Activity =
Below are records; transcribe each one exactly.

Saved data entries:
==============================

lemma converges_to_add:
  assumes "converges_to s l" "converges_to t m"
  shows "converges_to (\<lambda>n. s n + t n) (l + m)"
  unfolding converges_to_def
proof (rule tendsto_0_dominated[OF nrm_nonneg])
  show "nrm (s n + t n - (l + m)) \<le> nrm (s n - l) + nrm (t n - m)" for n
    using nrm_add_le[of "s n - l" "t n - m"] by (simp add: algebra_simps)
  show "(\<lambda>n. nrm (s n - l) + nrm (t n - m)) \<longlonglongrightarrow> 0"
    using tendsto_add[OF assms[unfolded converges_to_def]] by simp
qed

lemma converges_to_smul: "converges_to s l \<Longrightarrow> converges_to (\<lambda>n. smul c (s n)) (smul c l)"
  unfolding converges_to_def smul_diff_right[symmetric] nrm_smul
  by (rule tendsto_mult_right_zero)

lemma converges_to_minus: "converges_to s l \<Longrightarrow> converges_to (\<lambda>n. - s n) (- l)"
  unfolding converges_to_def using nrm_minus[of "s _ - l"] by simp

lemma converges_to_diff:
  "converges_to s l \<Longrightarrow> converges_to t m \<Longrightarrow> converges_to (\<lambda>n. s n - t n) (l - m)"
  using converges_to_add[of s l "\<lambda>n. - t n" "- m"] converges_to_minus[of t m] by simp

lemma nrm_limit_le:
  assumes "converges_to s l" "g \<longlonglongrightarrow> G" "\<And>n. N \<le> n \<Longrightarrow> nrm (s n - b) \<le> g n"
  shows "nrm (l - b) \<le> G"
proof -
  have "(\<lambda>n. nrm (s n - l) + g n) \<longlonglongrightarrow> 0 + G"
    using assms(1,2) unfolding converges_to_def by (rule tendsto_add)
  moreover have "nrm (l - b) \<le> nrm (s n - l) + g n" if "N \<le> n" for n
    using nrm_diff_ultrametric[of l b "s n"] assms(3)[OF that] nrm_commute[of l "s n"]
      nrm_nonneg[of "s n - l"] nrm_nonneg[of "s n - b"] by simp
  ultimately show ?thesis
    by (intro LIMSEQ_le_const) auto
qed

lemma ultrametric_telescope:
  assumes "0 \<le> M" "\<And>j. n \<le> j \<Longrightarrow> j < m \<Longrightarrow> nrm (s (Suc j) - s j) \<le> M" "n \<le> m"
  shows "nrm (s m - s n) \<le> M"
  using assms(2,3)
proof (induction m)
  case (Suc m)
  show ?case
  proof (cases "n = Suc m")
    case False
    then have "n \<le> m"
      using Suc.prems by simp
    then have "max (nrm (s (Suc m) - s m)) (nrm (s m - s n)) \<le> M"
      using Suc by auto
    then show ?thesis
      using nrm_diff_ultrametric[of "s (Suc m)" "s n" "s m"] by linarith
  qed (simp add: assms(1))
qed (simp add: assms(1))

(* By ultrametric_telescope, nrm (s m - s n) is at most the largest step between n and m. *)
lemma converges_if_steps_tendsto_0:
  assumes "(\<lambda>j. nrm (s (Suc j) - s j)) \<longlonglongrightarrow> 0"
  shows "\<exists>l. converges_to s l"
  unfolding converges_to_def
proof (rule nrm_complete)
  fix e :: real
  assume "0 < e"
  then obtain N where N: "\<And>j. N \<le> j \<Longrightarrow> nrm (s (Suc j) - s j) < e"
    using LIMSEQ_D[OF assms] nrm_nonneg by fastforce
  have *: "nrm (s m - s n) < e" if "N \<le> n" "n \<le> m" for m n
  proof (cases "n = m")
    case False
    have "nrm (s m - s n) \<le> Max ((\<lambda>j. nrm (s (Suc j) - s j)) ` {n..<m})"
      by (rule ultrametric_telescope) (use False that in \<open>auto simp: Max_ge_iff nrm_nonneg\<close>)
    also have "\<dots> < e"
      using False that N by (subst Max_less_iff) auto
    finally show ?thesis .
  qed (simp add: \<open>0 < e\<close>)
  show "\<exists>N. \<forall>m\<ge>N. \<forall>n\<ge>N. nrm (s m - s n) < e"
  proof (intro exI allI impI)
    fix m n
    assume "N \<le> m" "N \<le> n"
    then show "nrm (s m - s n) < e"
      using *[of n m] *[of m n] nrm_commute[of "s m" "s n"] by (cases "n \<le> m") auto
  qed
qed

==============================

Solution =
lemma converges_to_add:
  assumes "converges_to s l" "converges_to t m"
  shows "converges_to (\<lambda>n. s n + t n) (l + m)"
  unfolding converges_to_def
proof (rule tendsto_0_dominated[OF nrm_nonneg])
  show "nrm (s n + t n - (l + m)) \<le> nrm (s n - l) + nrm (t n - m)" for n
    using nrm_add_le[of "s n - l" "t n - m"] by (simp add: algebra_simps)
  show "(\<lambda>n. nrm (s n - l) + nrm (t n - m)) \<longlonglongrightarrow> 0"
    using tendsto_add[OF assms[unfolded converges_to_def]] by simp
qed

lemma converges_to_smul: "converges_to s l \<Longrightarrow> converges_to (\<lambda>n. smul c (s n)) (smul c l)"
  unfolding converges_to_def smul_diff_right[symmetric] nrm_smul
  by (rule tendsto_mult_right_zero)

lemma converges_to_minus: "converges_to s l \<Longrightarrow> converges_to (\<lambda>n. - s n) (- l)"
  unfolding converges_to_def using nrm_minus[of "s _ - l"] by simp

lemma converges_to_diff:
  "converges_to s l \<Longrightarrow> converges_to t m \<Longrightarrow> converges_to (\<lambda>n. s n - t n) (l - m)"
  using converges_to_add[of s l "\<lambda>n. - t n" "- m"] converges_to_minus[of t m] by simp

lemma nrm_limit_le:
  assumes "converges_to s l" "g \<longlonglongrightarrow> G" "\<And>n. N \<le> n \<Longrightarrow> nrm (s n - b) \<le> g n"
  shows "nrm (l - b) \<le> G"
proof -
  have "(\<lambda>n. nrm (s n - l) + g n) \<longlonglongrightarrow> 0 + G"
    using assms(1,2) unfolding converges_to_def by (rule tendsto_add)
  moreover have "nrm (l - b) \<le> nrm (s n - l) + g n" if "N \<le> n" for n
    using nrm_diff_ultrametric[of l b "s n"] assms(3)[OF that] nrm_commute[of l "s n"]
      nrm_nonneg[of "s n - l"] nrm_nonneg[of "s n - b"] by simp
  ultimately show ?thesis
    by (intro LIMSEQ_le_const) auto
qed

lemma ultrametric_telescope:
  assumes "0 \<le> M" "\<And>j. n \<le> j \<Longrightarrow> j < m \<Longrightarrow> nrm (s (Suc j) - s j) \<le> M" "n \<le> m"
  shows "nrm (s m - s n) \<le> M"
  using assms(2,3)
proof (induction m)
  case (Suc m)
  show ?case
  proof (cases "n = Suc m")
    case False
    then have "n \<le> m"
      using Suc.prems by simp
    then have "max (nrm (s (Suc m) - s m)) (nrm (s m - s n)) \<le> M"
      using Suc by auto
    then show ?thesis
      using nrm_diff_ultrametric[of "s (Suc m)" "s n" "s m"] by linarith
  qed (simp add: assms(1))
qed (simp add: assms(1))

(* By ultrametric_telescope, nrm (s m - s n) is at most the largest step between n and m. *)
lemma converges_if_steps_tendsto_0:
  assumes "(\<lambda>j. nrm (s (Suc j) - s j)) \<longlonglongrightarrow> 0"
  shows "\<exists>l. converges_to s l"
  unfolding converges_to_def
proof (rule nrm_complete)
  fix e :: real
  assume "0 < e"
  then obtain N where N: "\<And>j. N \<le> j \<Longrightarrow> nrm (s (Suc j) - s j) < e"
    using LIMSEQ_D[OF assms] nrm_nonneg by fastforce
  have *: "nrm (s m - s n) < e" if "N \<le> n" "n \<le> m" for m n
  proof (cases "n = m")
    case False
    have "nrm (s m - s n) \<le> Max ((\<lambda>j. nrm (s (Suc j) - s j)) ` {n..<m})"
      by (rule ultrametric_telescope) (use False that in \<open>auto simp: Max_ge_iff nrm_nonneg\<close>)
    also have "\<dots> < e"
      using False that N by (subst Max_less_iff) auto
    finally show ?thesis .
  qed (simp add: \<open>0 < e\<close>)
  show "\<exists>N. \<forall>m\<ge>N. \<forall>n\<ge>N. nrm (s m - s n) < e"
  proof (intro exI allI impI)
    fix m n
    assume "N \<le> m" "N \<le> n"
    then show "nrm (s m - s n) < e"
      using *[of n m] *[of m n] nrm_commute[of "s m" "s n"] by (cases "n \<le> m") auto
  qed
qed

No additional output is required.